• Collected data entries:
+++

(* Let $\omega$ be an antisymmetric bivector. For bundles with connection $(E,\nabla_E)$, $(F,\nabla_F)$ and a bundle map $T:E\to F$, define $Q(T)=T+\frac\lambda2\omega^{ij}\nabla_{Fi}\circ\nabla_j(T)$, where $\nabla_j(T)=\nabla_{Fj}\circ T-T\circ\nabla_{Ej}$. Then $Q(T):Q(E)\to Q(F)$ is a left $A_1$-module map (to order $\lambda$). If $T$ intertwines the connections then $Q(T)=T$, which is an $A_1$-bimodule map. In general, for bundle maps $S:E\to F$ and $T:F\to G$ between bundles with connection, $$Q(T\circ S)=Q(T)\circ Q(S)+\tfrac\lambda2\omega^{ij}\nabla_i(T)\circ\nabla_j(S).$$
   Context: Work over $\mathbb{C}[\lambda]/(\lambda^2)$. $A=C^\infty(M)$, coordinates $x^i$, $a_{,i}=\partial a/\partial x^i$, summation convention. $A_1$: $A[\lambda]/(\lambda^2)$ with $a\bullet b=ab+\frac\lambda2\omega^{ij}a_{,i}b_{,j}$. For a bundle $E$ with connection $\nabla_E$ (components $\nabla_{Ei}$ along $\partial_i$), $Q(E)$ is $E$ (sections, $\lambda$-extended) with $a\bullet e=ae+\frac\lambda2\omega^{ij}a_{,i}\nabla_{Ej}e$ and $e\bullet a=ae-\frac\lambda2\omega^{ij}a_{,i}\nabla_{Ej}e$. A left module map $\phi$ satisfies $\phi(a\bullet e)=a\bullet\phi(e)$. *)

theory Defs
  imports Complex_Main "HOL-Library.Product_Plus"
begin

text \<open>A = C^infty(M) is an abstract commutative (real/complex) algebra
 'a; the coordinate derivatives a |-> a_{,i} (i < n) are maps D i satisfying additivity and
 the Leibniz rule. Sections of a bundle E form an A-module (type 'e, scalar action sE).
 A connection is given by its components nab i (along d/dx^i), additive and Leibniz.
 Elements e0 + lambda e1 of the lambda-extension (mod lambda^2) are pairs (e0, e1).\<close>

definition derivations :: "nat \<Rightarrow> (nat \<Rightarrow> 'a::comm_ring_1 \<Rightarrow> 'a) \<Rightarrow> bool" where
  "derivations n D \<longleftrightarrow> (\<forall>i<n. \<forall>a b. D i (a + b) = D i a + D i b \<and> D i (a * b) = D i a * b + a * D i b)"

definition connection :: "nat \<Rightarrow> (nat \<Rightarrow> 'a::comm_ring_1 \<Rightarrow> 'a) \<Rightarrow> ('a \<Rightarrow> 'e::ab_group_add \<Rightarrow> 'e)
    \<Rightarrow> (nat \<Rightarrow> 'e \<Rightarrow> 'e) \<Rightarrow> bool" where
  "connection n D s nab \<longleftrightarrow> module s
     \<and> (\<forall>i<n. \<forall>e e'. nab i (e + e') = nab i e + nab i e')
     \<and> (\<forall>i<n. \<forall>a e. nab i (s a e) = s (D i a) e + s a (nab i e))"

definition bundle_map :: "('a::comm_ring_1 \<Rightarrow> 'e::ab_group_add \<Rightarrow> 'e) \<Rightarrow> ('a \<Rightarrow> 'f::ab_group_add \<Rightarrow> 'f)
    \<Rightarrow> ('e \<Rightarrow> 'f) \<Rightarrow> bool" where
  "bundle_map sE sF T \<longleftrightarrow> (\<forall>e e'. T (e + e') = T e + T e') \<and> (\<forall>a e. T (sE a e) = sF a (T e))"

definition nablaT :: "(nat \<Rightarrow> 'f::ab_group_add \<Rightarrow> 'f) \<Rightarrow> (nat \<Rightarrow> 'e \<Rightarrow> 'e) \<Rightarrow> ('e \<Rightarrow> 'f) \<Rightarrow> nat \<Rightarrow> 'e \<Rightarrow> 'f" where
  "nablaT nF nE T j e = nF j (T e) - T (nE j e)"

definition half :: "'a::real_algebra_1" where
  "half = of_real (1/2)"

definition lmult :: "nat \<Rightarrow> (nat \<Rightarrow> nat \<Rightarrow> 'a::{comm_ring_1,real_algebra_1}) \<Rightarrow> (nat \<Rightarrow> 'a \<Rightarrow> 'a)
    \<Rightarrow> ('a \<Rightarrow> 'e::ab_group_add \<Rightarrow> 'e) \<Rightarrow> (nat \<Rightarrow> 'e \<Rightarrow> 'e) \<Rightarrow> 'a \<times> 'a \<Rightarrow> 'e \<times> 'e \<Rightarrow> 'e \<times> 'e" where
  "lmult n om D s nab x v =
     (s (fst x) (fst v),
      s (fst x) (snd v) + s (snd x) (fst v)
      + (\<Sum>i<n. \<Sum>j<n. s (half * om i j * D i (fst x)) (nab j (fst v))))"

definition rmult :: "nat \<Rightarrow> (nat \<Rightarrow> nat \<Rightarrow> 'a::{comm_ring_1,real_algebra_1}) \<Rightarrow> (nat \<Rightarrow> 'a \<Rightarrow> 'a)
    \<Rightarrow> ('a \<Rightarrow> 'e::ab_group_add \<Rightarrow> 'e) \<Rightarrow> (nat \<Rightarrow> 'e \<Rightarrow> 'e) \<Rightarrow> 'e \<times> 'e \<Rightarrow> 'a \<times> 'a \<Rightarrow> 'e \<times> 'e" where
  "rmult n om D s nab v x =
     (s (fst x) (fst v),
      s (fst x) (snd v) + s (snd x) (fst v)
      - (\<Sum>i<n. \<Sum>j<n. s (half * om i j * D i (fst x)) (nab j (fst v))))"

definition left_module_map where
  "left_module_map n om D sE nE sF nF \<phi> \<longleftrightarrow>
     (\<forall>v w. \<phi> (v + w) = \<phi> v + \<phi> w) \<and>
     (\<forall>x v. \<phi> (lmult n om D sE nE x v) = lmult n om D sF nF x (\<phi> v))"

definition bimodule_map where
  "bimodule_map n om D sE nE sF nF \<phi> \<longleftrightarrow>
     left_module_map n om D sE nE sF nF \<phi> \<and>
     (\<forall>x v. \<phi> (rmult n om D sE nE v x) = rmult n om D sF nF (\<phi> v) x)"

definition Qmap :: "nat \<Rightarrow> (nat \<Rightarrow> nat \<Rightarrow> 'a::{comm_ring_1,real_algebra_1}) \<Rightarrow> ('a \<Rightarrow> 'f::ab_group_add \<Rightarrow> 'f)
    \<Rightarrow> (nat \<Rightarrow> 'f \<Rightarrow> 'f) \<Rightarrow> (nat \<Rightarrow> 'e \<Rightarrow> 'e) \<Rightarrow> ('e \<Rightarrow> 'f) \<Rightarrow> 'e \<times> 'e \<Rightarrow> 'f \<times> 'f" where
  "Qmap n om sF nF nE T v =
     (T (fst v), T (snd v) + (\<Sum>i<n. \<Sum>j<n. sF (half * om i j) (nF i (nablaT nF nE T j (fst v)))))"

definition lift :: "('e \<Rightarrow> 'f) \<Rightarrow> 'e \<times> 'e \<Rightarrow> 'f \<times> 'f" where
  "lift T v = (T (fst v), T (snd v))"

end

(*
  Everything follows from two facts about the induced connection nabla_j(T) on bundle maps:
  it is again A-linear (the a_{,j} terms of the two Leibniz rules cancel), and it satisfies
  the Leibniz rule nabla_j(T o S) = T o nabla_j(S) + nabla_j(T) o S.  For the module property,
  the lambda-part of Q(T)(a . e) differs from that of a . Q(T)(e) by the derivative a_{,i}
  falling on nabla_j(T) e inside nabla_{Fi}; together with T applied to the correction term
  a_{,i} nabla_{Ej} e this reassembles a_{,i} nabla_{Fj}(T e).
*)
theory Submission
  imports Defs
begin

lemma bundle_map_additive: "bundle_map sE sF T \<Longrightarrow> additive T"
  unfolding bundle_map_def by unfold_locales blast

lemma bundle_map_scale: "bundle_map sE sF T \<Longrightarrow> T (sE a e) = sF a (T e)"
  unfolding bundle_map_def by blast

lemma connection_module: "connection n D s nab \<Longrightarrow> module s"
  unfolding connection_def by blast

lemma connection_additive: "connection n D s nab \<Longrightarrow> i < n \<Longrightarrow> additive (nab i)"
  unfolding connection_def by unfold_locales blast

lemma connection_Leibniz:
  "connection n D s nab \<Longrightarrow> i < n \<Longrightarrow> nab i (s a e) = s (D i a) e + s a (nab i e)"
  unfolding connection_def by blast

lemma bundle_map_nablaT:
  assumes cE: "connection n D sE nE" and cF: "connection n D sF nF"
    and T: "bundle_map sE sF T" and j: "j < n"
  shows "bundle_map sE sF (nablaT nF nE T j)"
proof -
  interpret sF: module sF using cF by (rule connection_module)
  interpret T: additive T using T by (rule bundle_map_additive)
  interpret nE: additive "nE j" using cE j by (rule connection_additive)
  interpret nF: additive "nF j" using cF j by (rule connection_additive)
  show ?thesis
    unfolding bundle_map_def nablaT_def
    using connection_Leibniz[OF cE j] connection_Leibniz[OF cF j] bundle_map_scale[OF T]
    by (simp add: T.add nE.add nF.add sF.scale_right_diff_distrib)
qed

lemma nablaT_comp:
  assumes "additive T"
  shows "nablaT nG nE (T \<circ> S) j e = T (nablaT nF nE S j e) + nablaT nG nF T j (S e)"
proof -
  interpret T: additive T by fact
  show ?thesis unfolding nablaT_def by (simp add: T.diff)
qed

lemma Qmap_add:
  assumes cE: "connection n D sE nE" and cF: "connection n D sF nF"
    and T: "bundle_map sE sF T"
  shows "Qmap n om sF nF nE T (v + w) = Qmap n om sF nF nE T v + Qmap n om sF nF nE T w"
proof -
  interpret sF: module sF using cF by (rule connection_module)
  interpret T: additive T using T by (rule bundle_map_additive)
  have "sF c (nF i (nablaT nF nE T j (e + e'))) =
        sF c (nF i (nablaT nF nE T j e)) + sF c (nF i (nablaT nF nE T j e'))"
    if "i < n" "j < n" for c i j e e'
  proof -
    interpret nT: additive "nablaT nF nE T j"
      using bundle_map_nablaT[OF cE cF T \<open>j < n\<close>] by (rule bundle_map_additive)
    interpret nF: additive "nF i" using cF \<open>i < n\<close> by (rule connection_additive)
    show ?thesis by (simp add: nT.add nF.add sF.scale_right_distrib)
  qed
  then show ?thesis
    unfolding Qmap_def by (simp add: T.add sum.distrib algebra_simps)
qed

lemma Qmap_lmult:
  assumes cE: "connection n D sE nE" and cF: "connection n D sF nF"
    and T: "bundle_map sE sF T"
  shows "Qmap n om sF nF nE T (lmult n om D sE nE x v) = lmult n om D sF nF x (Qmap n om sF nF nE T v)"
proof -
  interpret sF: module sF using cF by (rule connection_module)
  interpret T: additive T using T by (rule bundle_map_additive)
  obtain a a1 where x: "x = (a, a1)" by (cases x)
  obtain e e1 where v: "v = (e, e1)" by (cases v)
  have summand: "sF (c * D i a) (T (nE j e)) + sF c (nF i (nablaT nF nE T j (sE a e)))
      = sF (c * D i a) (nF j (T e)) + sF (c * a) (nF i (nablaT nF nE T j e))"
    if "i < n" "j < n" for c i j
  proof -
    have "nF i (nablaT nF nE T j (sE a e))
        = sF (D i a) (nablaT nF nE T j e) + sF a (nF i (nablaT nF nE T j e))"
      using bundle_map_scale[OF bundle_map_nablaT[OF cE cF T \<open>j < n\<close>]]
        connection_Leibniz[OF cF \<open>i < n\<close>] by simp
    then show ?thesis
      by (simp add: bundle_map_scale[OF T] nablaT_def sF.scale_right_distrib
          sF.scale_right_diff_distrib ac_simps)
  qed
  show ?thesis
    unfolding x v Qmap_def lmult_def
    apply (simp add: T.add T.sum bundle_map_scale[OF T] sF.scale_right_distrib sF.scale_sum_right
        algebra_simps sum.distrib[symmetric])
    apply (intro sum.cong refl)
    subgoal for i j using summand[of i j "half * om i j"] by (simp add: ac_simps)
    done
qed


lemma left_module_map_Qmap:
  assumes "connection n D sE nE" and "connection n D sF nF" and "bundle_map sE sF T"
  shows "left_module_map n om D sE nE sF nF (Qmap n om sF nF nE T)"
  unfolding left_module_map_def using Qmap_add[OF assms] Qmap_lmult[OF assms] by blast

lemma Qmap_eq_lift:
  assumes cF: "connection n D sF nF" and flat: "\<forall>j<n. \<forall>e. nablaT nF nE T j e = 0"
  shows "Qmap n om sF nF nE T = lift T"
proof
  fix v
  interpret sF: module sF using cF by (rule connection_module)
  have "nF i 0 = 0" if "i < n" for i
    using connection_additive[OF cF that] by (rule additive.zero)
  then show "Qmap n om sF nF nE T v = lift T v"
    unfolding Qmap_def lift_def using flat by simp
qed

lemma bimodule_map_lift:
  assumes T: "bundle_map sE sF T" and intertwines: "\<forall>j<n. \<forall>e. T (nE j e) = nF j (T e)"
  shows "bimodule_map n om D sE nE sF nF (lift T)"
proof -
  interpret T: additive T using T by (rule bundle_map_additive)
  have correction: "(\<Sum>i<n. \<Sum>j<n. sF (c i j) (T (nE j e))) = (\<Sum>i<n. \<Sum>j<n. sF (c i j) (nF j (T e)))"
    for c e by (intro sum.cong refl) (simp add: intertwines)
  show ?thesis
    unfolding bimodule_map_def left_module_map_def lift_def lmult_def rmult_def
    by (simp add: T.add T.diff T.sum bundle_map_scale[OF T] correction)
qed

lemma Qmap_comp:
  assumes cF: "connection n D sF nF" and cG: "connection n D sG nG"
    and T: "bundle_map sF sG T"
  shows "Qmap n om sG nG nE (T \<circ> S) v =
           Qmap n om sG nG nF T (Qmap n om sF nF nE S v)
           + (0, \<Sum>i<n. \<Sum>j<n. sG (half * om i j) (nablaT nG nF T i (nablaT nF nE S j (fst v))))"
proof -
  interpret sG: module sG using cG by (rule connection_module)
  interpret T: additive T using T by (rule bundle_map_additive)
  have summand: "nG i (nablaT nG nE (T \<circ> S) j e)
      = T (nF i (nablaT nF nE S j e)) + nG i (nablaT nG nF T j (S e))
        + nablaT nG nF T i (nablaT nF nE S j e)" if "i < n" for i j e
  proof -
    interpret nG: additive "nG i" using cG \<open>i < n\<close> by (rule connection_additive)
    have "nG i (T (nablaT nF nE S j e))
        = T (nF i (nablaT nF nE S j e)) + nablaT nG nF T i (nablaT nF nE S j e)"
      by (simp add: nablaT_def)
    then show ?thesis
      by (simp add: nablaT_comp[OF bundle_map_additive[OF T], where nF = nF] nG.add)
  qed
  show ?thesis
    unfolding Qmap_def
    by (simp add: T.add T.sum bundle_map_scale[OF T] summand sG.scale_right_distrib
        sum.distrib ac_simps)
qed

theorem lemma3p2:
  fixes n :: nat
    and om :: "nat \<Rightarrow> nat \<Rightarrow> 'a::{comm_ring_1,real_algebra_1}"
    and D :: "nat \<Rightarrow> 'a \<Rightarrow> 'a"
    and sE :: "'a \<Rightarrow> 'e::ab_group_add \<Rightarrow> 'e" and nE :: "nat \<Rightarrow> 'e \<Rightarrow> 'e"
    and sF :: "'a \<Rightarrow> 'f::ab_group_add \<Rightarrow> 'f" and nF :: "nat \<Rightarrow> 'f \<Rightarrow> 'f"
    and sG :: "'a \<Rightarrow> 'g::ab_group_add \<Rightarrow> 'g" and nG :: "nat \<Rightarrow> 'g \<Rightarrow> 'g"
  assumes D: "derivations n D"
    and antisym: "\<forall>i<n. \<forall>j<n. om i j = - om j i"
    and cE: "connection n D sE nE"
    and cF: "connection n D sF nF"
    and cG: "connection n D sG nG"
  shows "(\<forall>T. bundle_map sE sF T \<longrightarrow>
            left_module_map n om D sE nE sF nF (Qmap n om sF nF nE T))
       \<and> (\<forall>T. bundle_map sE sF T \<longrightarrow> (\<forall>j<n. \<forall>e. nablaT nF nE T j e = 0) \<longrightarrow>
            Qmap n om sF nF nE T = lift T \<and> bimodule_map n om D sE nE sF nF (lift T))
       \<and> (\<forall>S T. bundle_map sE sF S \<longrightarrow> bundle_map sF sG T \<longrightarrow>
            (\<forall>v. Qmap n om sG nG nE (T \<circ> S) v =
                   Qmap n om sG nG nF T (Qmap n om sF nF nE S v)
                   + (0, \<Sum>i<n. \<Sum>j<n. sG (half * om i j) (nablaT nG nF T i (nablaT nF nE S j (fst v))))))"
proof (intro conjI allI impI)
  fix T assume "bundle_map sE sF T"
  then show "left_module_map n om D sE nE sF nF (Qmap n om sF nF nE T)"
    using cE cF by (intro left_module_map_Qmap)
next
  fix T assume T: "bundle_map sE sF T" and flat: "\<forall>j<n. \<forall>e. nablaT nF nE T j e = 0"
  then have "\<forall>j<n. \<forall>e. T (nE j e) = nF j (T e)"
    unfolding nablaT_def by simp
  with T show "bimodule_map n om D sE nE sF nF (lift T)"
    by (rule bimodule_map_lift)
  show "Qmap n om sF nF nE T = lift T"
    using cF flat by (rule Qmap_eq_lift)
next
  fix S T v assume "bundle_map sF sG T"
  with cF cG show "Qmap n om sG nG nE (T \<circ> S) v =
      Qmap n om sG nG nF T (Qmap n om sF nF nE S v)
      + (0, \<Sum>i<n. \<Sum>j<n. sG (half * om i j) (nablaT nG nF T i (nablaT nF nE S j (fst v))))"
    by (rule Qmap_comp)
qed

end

+++

• Task requirements:
Where does the string "intro" occur in the data above? Copy every line that holds it.

• Problem solution:
    apply (intro sum.cong refl)
    for c e by (intro sum.cong refl) (simp add: intertwines)
proof (intro conjI allI impI)
    using cE cF by (intro left_module_map_Qmap)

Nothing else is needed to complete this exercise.